После Агнессы Ивановны (запомнил фразу, взял в оборот) он ещё много раз говорил о том, что «не для этой жизни». Разным людям. В разные периоды жизни. Вздыхая, собеседники всегда соглашались – у каждого находился повод несоответствия безобразию, творимому вокруг. Все неожиданно оказывались не удовлетворены тем, что имеется в наличии.
Но он выгодно отличается от всех них, неудовлетворённых, тем, что точно знает, что ему нужно. Не его вина, что он родился здесь и сейчас, в конкретных общественно-исторических условиях, и, по вполне объективным причинам, не может реализовать мечтания, так сказать, воплотить в жизнь утопию собственного бытия.
Где ты, Внутренняя Монголия, заповедный край нетронутой природы и добрых раскосых людей, к которым у Олега Евгеньевича просыпается порой такая неимоверная тяга, что эту бы энергию да в мирных целях…
Порой увидит на детской площадке маленькую негритянскую девочку в сотне косичек, и сердце мгновенно начинает выделять смолу умиления. А эти робкие вьетнамские девчушки с плоскими лицами, кто ж их приголубит, болезных?!
– Если бы я мог, если бы я только мог, то окружил бы себя выводком детишек всех рас и народов, негритянок, китайцев, малазийцев… – говорит он себе, разглядывая в зеркало неправильности своего лица: некогда разбитый в драке нос, едва заметный шрам над правой бровью, странную локальную потертость на коже под нижней губой. – И всем им я был бы папой. А я ведь был бы хорошим отцом… Ведь по натуре своей я – строитель… Строитель собственного дома…
И вот уже, увлеченный вихрем воображения, он представляет свою квартиру (нет, лучше дом, большой и просторный, светлый), наполненную шумом и вознёй, маленькими, шустрящими бесенятами всех цветов и оттенков.
Богоматерь умиления. Олег улыбается пустоте, снисходительно пошлепывая невидимых отпрысков по плечам, взлохмачивая волосы самому задиристому из них, такой молодой и уже такой настырный, чувствуется отцовская порода, да и ведь похож, сорванец, на папу, ах, как похож…

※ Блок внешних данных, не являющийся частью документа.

(* Let $M,M'\in\mathrm{Mat}(2,\mathbb{Z})$ have the same trace and the same determinant, and suppose $\mathrm{mgcd}(M')=\mathrm{mgcd}(M)=1$. Then the toral endomorphisms defined by $M$ and $M'$ have the same local statistics on all lattices $L_n$, $n\in\mathbb{N}$.
   Context: For $M=\begin{pmatrix}a&b\\c&d\end{pmatrix}$, $\mathrm{mgcd}(M)=\gcd(b,c,d-a)\ge0$. $L_n=\{(\frac{k}{n},\frac{\ell}{n}):0\le k,\ell<n\}\subset\mathbb{T}^2=\mathbb{R}^2/\mathbb{Z}^2$, with integer matrices acting by multiplication mod $1$. Two integer matrices have the same local statistics on $L_n$ if the directed pseudo-graphs on $L_n$ they induce (vertices the points of $L_n$, a directed edge from $x$ to $Mx$) are isomorphic as graphs. *)

theory Defs
  imports "HOL-Analysis.Analysis"
begin

definition mgcd :: "int^2^2 \<Rightarrow> int" where
  "mgcd M = gcd (gcd (M$1$2) (M$2$1)) (M$2$2 - M$1$1)"

text \<open>The lattice L_n: the point (k/n, l/n) of the torus is encoded by the integer pair (k,l).\<close>
definition lattice :: "nat \<Rightarrow> (int \<times> int) set" where
  "lattice n = {0..<int n} \<times> {0..<int n}"

text \<open>Action of M on L_n (multiplication mod 1, i.e. mod n on numerators).\<close>
definition lat_act :: "int^2^2 \<Rightarrow> nat \<Rightarrow> int \<times> int \<Rightarrow> int \<times> int" where
  "lat_act M n p = ((M$1$1 * fst p + M$1$2 * snd p) mod int n,
                    (M$2$1 * fst p + M$2$2 * snd p) mod int n)"

definition lat_edge :: "int^2^2 \<Rightarrow> nat \<Rightarrow> int \<times> int \<Rightarrow> int \<times> int \<Rightarrow> bool" where
  "lat_edge M n x y \<longleftrightarrow> x \<in> lattice n \<and> y \<in> lattice n \<and> y = lat_act M n x"

definition same_local_stats :: "int^2^2 \<Rightarrow> int^2^2 \<Rightarrow> nat \<Rightarrow> bool" where
  "same_local_stats M M' n \<longleftrightarrow>
     (\<exists>f. bij_betw f (lattice n) (lattice n) \<and>
          (\<forall>x\<in>lattice n. \<forall>y\<in>lattice n. lat_edge M n x y \<longleftrightarrow> lat_edge M' n (f x) (f y)))"

end

theory Submission
  imports Defs "HOL-Number_Theory.Cong"
begin

text \<open>
  Write \<open>C(t, d)\<close> for the companion matrix of \<open>X\<^sup>2 - t X + d\<close>. If \<open>v\<close> is any vector and
  \<open>P = (v | M v)\<close>, Cayley--Hamilton gives \<open>M P = P C(tr M, det M)\<close>, and \<open>det P = Q(v)\<close> for the
  binary quadratic form \<open>Q(x, y) = c x\<^sup>2 + (d - a) x y - b y\<^sup>2\<close>, whose content is \<open>mgcd M\<close>.
  A primitive form takes values coprime to any given \<open>n\<close>, so \<open>P\<close> can be chosen invertible
  modulo \<open>n\<close>. Thus \<open>M\<close> and \<open>M'\<close> are both conjugate modulo \<open>n\<close> to the same companion matrix,
  and the conjugating matrix induces an isomorphism of the graphs on \<open>L\<^sub>n\<close>.
\<close>

lemma mat_mult_component: "(mat a ** B) $ i $ j = a * B $ i $ j"
  by (simp add: matrix_matrix_mult_def mat_def if_distrib[where f = "\<lambda>x. x * c" for c]
      sum.delta cong del: if_weak_cong)

lemma mult_mat_component: "(B ** mat a) $ i $ j = B $ i $ j * (a :: 'a::semiring_1)"
  by (simp add: matrix_matrix_mult_def mat_def if_distrib sum.delta' cong del: if_weak_cong)

lemma mat_mult_mat: "mat a ** mat b = (mat (a * b) :: 'a::semiring_1^'n^'n)"
  by (simp add: vec_eq_iff mat_mult_component) (simp add: mat_def)

lemma mat_mult_commute: "mat a ** A = A ** (mat a :: 'a::comm_semiring_1^'n^'n)"
  by (simp add: vec_eq_iff mat_mult_component mult_mat_component mult.commute)

lemma matrix_mul_inner_mat:
  fixes A B C D :: "'a::comm_semiring_1^'n^'n"
  assumes "B ** C = mat s"
  shows "A ** B ** (C ** D) = mat s ** (A ** D)"
  by (metis assms matrix_mul_assoc mat_mult_commute)

lemma linear_combination_mod:
  "(a * (x mod n) + b * (y mod n)) mod n = (a * x + b * y) mod (n::int)"
  by (metis mod_add_eq mod_mult_right_eq)

lemma lat_act_mult: "lat_act (A ** B) n p = lat_act A n (lat_act B n p)"
proof -
  have "lat_act A n (lat_act B n p) =
    ((A$1$1 * (B$1$1 * fst p + B$1$2 * snd p) + A$1$2 * (B$2$1 * fst p + B$2$2 * snd p)) mod int n,
     (A$2$1 * (B$1$1 * fst p + B$1$2 * snd p) + A$2$2 * (B$2$1 * fst p + B$2$2 * snd p)) mod int n)"
    by (simp only: lat_act_def fst_conv snd_conv linear_combination_mod)
  then show ?thesis
    by (simp add: lat_act_def matrix_matrix_mult_def sum_2 algebra_simps)
qed

lemma lat_act_in_lattice: "n > 0 \<Longrightarrow> lat_act A n p \<in> lattice n"
  by (simp add: lat_act_def lattice_def)

lemma lat_act_mat:
  assumes "[s = 1] (mod int n)" and "p \<in> lattice n"
  shows "lat_act (mat s) n p = p"
proof -
  have "(s * x) mod int n = x mod int n" for x
    using assms(1) unfolding cong_def by (metis mod_mult_left_eq mult_1)
  then show ?thesis
    using assms(2) by (cases p) (simp add: lat_act_def lattice_def mat_def)
qed

lemma same_local_stats_if_intertwined:
  assumes n: "n > 0" and intertwine: "T ** M = M' ** T"
    and inverse: "T' ** T = mat s" "T ** T' = mat s" and s: "coprime s (int n)"
  shows "same_local_stats M M' n"
proof -
  obtain u where u: "[u * s = 1] (mod int n)"
    using cong_solve_coprime_int[OF s] by (auto simp: mult.commute)
  define f where "f = lat_act T n"
  define g where "g = lat_act (mat u ** T') n"
  have gf: "g (f x) = x" if "x \<in> lattice n" for x
  proof -
    have "g (f x) = lat_act (mat u ** T' ** T) n x"
      by (simp only: f_def g_def lat_act_mult)
    also have "\<dots> = lat_act (mat u ** (T' ** T)) n x"
      by (simp only: matrix_mul_assoc)
    also have "\<dots> = x"
      by (simp add: inverse mat_mult_mat lat_act_mat[OF u that])
    finally show ?thesis .
  qed
  have fg: "f (g y) = y" if "y \<in> lattice n" for y
  proof -
    have "f (g y) = lat_act (T ** (mat u ** T')) n y"
      by (simp only: f_def g_def lat_act_mult)
    also have "\<dots> = lat_act (mat u ** (T ** T')) n y"
      by (metis matrix_mul_assoc mat_mult_commute)
    also have "\<dots> = y"
      by (simp add: inverse mat_mult_mat lat_act_mat[OF u that])
    finally show ?thesis .
  qed
  have f_lattice: "f x \<in> lattice n" and g_lattice: "g x \<in> lattice n" for x
    using lat_act_in_lattice[OF n] by (simp_all add: f_def g_def)
  have bij: "bij_betw f (lattice n) (lattice n)"
    by (rule bij_betw_byWitness[where f' = g]) (use gf fg f_lattice g_lattice in auto)
  have equivariant: "f (lat_act M n x) = lat_act M' n (f x)" for x
    by (simp add: f_def lat_act_mult[symmetric] intertwine)
  have "lat_edge M n x y \<longleftrightarrow> lat_edge M' n (f x) (f y)"
    if "x \<in> lattice n" "y \<in> lattice n" for x y
  proof -
    have "y = lat_act M n x \<longleftrightarrow> f y = f (lat_act M n x)"
      using gf that lat_act_in_lattice[OF n] by metis
    then show ?thesis
      using that f_lattice by (simp add: lat_edge_def equivariant)
  qed
  then show ?thesis
    unfolding same_local_stats_def using bij by blast
qed

lemma prime_not_dvd_binary_form:
  fixes a b c x y p :: int
  assumes p: "prime p" and primitive: "\<not> (p dvd a \<and> p dvd b \<and> p dvd c)"
    and y: "p dvd y \<longleftrightarrow> \<not> p dvd a" and x: "p dvd x \<longleftrightarrow> p dvd a \<and> \<not> p dvd c"
  shows "\<not> p dvd a * x\<^sup>2 + b * x * y + c * y\<^sup>2" (is "\<not> p dvd ?Q")
proof
  assume Q: "p dvd ?Q"
  have not_dvd_mult: "\<not> p dvd u * v" if "\<not> p dvd u" "\<not> p dvd v" for u v
    using that prime_dvd_mult_iff[OF p] by blast
  have not_dvd_square: "\<not> p dvd u\<^sup>2" if "\<not> p dvd u" for u
    using that prime_dvd_power[OF p] by blast
  consider "\<not> p dvd a" | "p dvd a" "\<not> p dvd c" | "p dvd a" "p dvd c" "\<not> p dvd b"
    using primitive by blast
  then show False
  proof cases
    case 1
    have "a * x\<^sup>2 = ?Q - y * (b * x + c * y)"
      by (simp add: algebra_simps power2_eq_square)
    moreover have "p dvd y * (b * x + c * y)" using 1 y by simp
    ultimately have "p dvd a * x\<^sup>2" using Q by (metis dvd_diff)
    then show False using 1 x not_dvd_mult not_dvd_square by blast
  next
    case 2
    have "c * y\<^sup>2 = ?Q - x * (a * x + b * y)"
      by (simp add: algebra_simps power2_eq_square)
    moreover have "p dvd x * (a * x + b * y)" using 2 x by simp
    ultimately have "p dvd c * y\<^sup>2" using Q by (metis dvd_diff)
    then show False using 2 y not_dvd_mult not_dvd_square by blast
  next
    case 3
    have "b * x * y = ?Q - (a * x\<^sup>2 + c * y\<^sup>2)"
      by (simp add: algebra_simps)
    moreover have "p dvd a * x\<^sup>2 + c * y\<^sup>2" using 3 by simp
    ultimately have "p dvd b * x * y" using Q by (metis dvd_diff)
    then show False using 3 x y not_dvd_mult by blast
  qed
qed

lemma prime_dvd_prod_primes_iff:
  fixes p :: "'a::factorial_semiring"
  assumes "finite S" "\<And>q. q \<in> S \<Longrightarrow> prime q" "prime p"
  shows "p dvd \<Prod>S \<longleftrightarrow> p \<in> S"
proof
  assume "p dvd \<Prod>S"
  then obtain q where "q \<in> S" "p dvd q"
    using prime_dvd_prod_iff[OF assms(1,3), of "\<lambda>q. q"] by blast
  then show "p \<in> S" using assms(2,3) primes_dvd_imp_eq by metis
next
  assume "p \<in> S"
  then show "p dvd \<Prod>S" using dvd_prodI[OF assms(1), of p "\<lambda>q. q"] by simp
qed

lemma coprime_if_no_common_prime_divisor:
  fixes a n :: int
  assumes "n \<noteq> 0" and "\<And>p. prime p \<Longrightarrow> p dvd n \<Longrightarrow> \<not> p dvd a"
  shows "coprime a n"
proof (rule ccontr)
  assume "\<not> coprime a n"
  then obtain c where c: "c dvd a" "c dvd n" "\<not> is_unit c" by (rule not_coprimeE)
  with assms(1) have "c \<noteq> 0" by auto
  with c obtain p where "prime p" "p dvd c" using prime_divisor_exists by blast
  with c assms show False using dvd_trans by blast
qed

lemma primitive_binary_form_represents_coprime:
  fixes a b c n :: int
  assumes n: "n \<noteq> 0" and primitive: "gcd (gcd a b) c = 1"
  obtains x y where "coprime (a * x\<^sup>2 + b * x * y + c * y\<^sup>2) n"
proof -
  \<comment> \<open>At each prime \<open>p\<close> dividing \<open>n\<close>, exactly one of the three terms survives modulo \<open>p\<close>.\<close>
  define X where "X = \<Prod>{p \<in> prime_factors n. p dvd a \<and> \<not> p dvd c}"
  define Y where "Y = \<Prod>{p \<in> prime_factors n. \<not> p dvd a}"
  have "\<not> p dvd a * X\<^sup>2 + b * X * Y + c * Y\<^sup>2" if p: "prime p" "p dvd n" for p
  proof (rule prime_not_dvd_binary_form[OF \<open>prime p\<close>])
    show "\<not> (p dvd a \<and> p dvd b \<and> p dvd c)"
      using primitive p(1) by (metis gcd_greatest not_prime_unit is_unit_gcd_iff)
    have "p \<in> prime_factors n" using p n by (simp add: in_prime_factors_iff)
    moreover have "p dvd \<Prod>{q \<in> prime_factors n. R q} \<longleftrightarrow> p \<in> prime_factors n \<and> R p" for R
      using p(1) by (subst prime_dvd_prod_primes_iff) (auto dest: in_prime_factors_imp_prime)
    ultimately show "p dvd Y \<longleftrightarrow> \<not> p dvd a" "p dvd X \<longleftrightarrow> p dvd a \<and> \<not> p dvd c"
      unfolding X_def Y_def by simp_all
  qed
  then show ?thesis
    using that coprime_if_no_common_prime_divisor[OF n] by blast
qed

definition companion_matrix :: "'a::comm_ring_1 \<Rightarrow> 'a \<Rightarrow> 'a^2^2" where
  "companion_matrix t d = vector [vector [0, - d], vector [1, t]]"

definition cyclic_matrix :: "'a::semiring_1^2^2 \<Rightarrow> 'a^2 \<Rightarrow> 'a^2^2" where
  "cyclic_matrix M v = (\<chi> i j. if j = 1 then v $ i else (M *v v) $ i)"

definition adjugate2 :: "'a::comm_ring_1^2^2 \<Rightarrow> 'a^2^2" where
  "adjugate2 A = vector [vector [A$2$2, - A$1$2], vector [- A$2$1, A$1$1]]"

lemma matrix_mult_adjugate2: "A ** adjugate2 A = mat (det A)"
  by (simp add: vec_eq_iff forall_2 matrix_matrix_mult_def sum_2 adjugate2_def mat_def det_2
      algebra_simps)

lemma adjugate2_mult_matrix: "adjugate2 A ** A = mat (det A)"
  by (simp add: vec_eq_iff forall_2 matrix_matrix_mult_def sum_2 adjugate2_def mat_def det_2
      algebra_simps)

lemma matrix_mult_cyclic_matrix:
  "M ** cyclic_matrix M v = cyclic_matrix M v ** companion_matrix (trace M) (det M)"
  by (simp add: vec_eq_iff forall_2 matrix_matrix_mult_def matrix_vector_mult_def sum_2
      cyclic_matrix_def companion_matrix_def trace_def det_2 algebra_simps)

lemma adjugate2_cyclic_matrix_mult:
  "adjugate2 (cyclic_matrix M v) ** M = companion_matrix (trace M) (det M) ** adjugate2 (cyclic_matrix M v)"
  by (simp add: vec_eq_iff forall_2 matrix_matrix_mult_def matrix_vector_mult_def sum_2
      cyclic_matrix_def companion_matrix_def adjugate2_def trace_def det_2 algebra_simps)

lemma det_cyclic_matrix:
  "det (cyclic_matrix M v) =
    M$2$1 * (v$1)\<^sup>2 + (M$2$2 - M$1$1) * v$1 * v$2 - M$1$2 * (v$2)\<^sup>2"
  by (simp add: det_2 cyclic_matrix_def matrix_vector_mult_def sum_2 power2_eq_square
      algebra_simps)

lemma conjugate_to_companion_mod:
  fixes M :: "int^2^2" and n :: int
  assumes "mgcd M = 1" and "n \<noteq> 0"
  obtains P where "M ** P = P ** companion_matrix (trace M) (det M)"
    and "adjugate2 P ** M = companion_matrix (trace M) (det M) ** adjugate2 P"
    and "coprime (det P) n"
proof -
  have "gcd (gcd (M$2$1) (M$2$2 - M$1$1)) (- M$1$2) = 1"
    using assms(1) by (simp add: mgcd_def ac_simps)
  then obtain x y where
    "coprime (M$2$1 * x\<^sup>2 + (M$2$2 - M$1$1) * x * y + - M$1$2 * y\<^sup>2) n"
    by (rule primitive_binary_form_represents_coprime[OF assms(2)])
  then have "coprime (det (cyclic_matrix M (vector [x, y]))) n"
    by (simp add: det_cyclic_matrix)
  then show ?thesis
    using that matrix_mult_cyclic_matrix adjugate2_cyclic_matrix_mult by blast
qed

lemma same_local_stats_if_common_conjugate:
  fixes M M' C P P' :: "int^2^2"
  assumes n: "n > 0"
    and P: "adjugate2 P ** M = C ** adjugate2 P" and P': "M' ** P' = P' ** C"
    and "coprime (det P) (int n)" and "coprime (det P') (int n)"
  shows "same_local_stats M M' n"
proof (rule same_local_stats_if_intertwined[OF n])
  have "P' ** adjugate2 P ** M = P' ** C ** adjugate2 P"
    by (simp add: matrix_mul_assoc[symmetric] P)
  also have "\<dots> = M' ** (P' ** adjugate2 P)"
    by (simp add: matrix_mul_assoc P'[symmetric])
  finally show "P' ** adjugate2 P ** M = M' ** (P' ** adjugate2 P)" .
  show "P ** adjugate2 P' ** (P' ** adjugate2 P) = mat (det P' * det P)"
    using matrix_mul_inner_mat[OF adjugate2_mult_matrix[of P'], of P "adjugate2 P"]
    by (simp add: matrix_mult_adjugate2 mat_mult_mat)
  show "P' ** adjugate2 P ** (P ** adjugate2 P') = mat (det P' * det P)"
    using matrix_mul_inner_mat[OF adjugate2_mult_matrix[of P], of P' "adjugate2 P'"]
    by (simp add: matrix_mult_adjugate2 mat_mult_mat mult.commute)
  show "coprime (det P' * det P) (int n)"
    using assms(4,5) by simp
qed

theorem corollary35:
  fixes M M' :: "int^2^2"
  assumes "trace M = trace M'" and "det M = det M'"
    and "mgcd M' = 1" and "mgcd M = 1"
  shows "\<forall>n::nat. n > 0 \<longrightarrow> same_local_stats M M' n"
proof (intro allI impI)
  fix n :: nat
  assume n: "n > 0"
  define C where "C = companion_matrix (trace M) (det M)"
  obtain P where "adjugate2 P ** M = C ** adjugate2 P" and "coprime (det P) (int n)"
    using conjugate_to_companion_mod[OF assms(4), of "int n"] n unfolding C_def by auto
  moreover obtain P' where "M' ** P' = P' ** C" and "coprime (det P') (int n)"
    using conjugate_to_companion_mod[OF assms(3), of "int n"] n assms(1,2)
    unfolding C_def by auto
  ultimately show "same_local_stats M M' n"
    using same_local_stats_if_common_conjugate[OF n] by blast
qed

end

Год за годом складываются в тома никем не прочитанных книг. Реаниматолог Гагарин идёт по жизни в гордом одиночестве. Чураясь очередей и душевных трат. Только однажды незримая тоска по иному порвалась. На короткое время. Всего на один день…
Когда всё в жизни Олега сошлось как в навороченном и непредсказуемом пасьянсе. Алеф выпал на его очередной день рождения, когда не ждал, и ведь даже не на круглую дату, просто так, избытком жизненных сил, совпадений, чредой символов и знаков, которые привели к головокружительному ощущению безграничных возможностей, бесконечного полёта.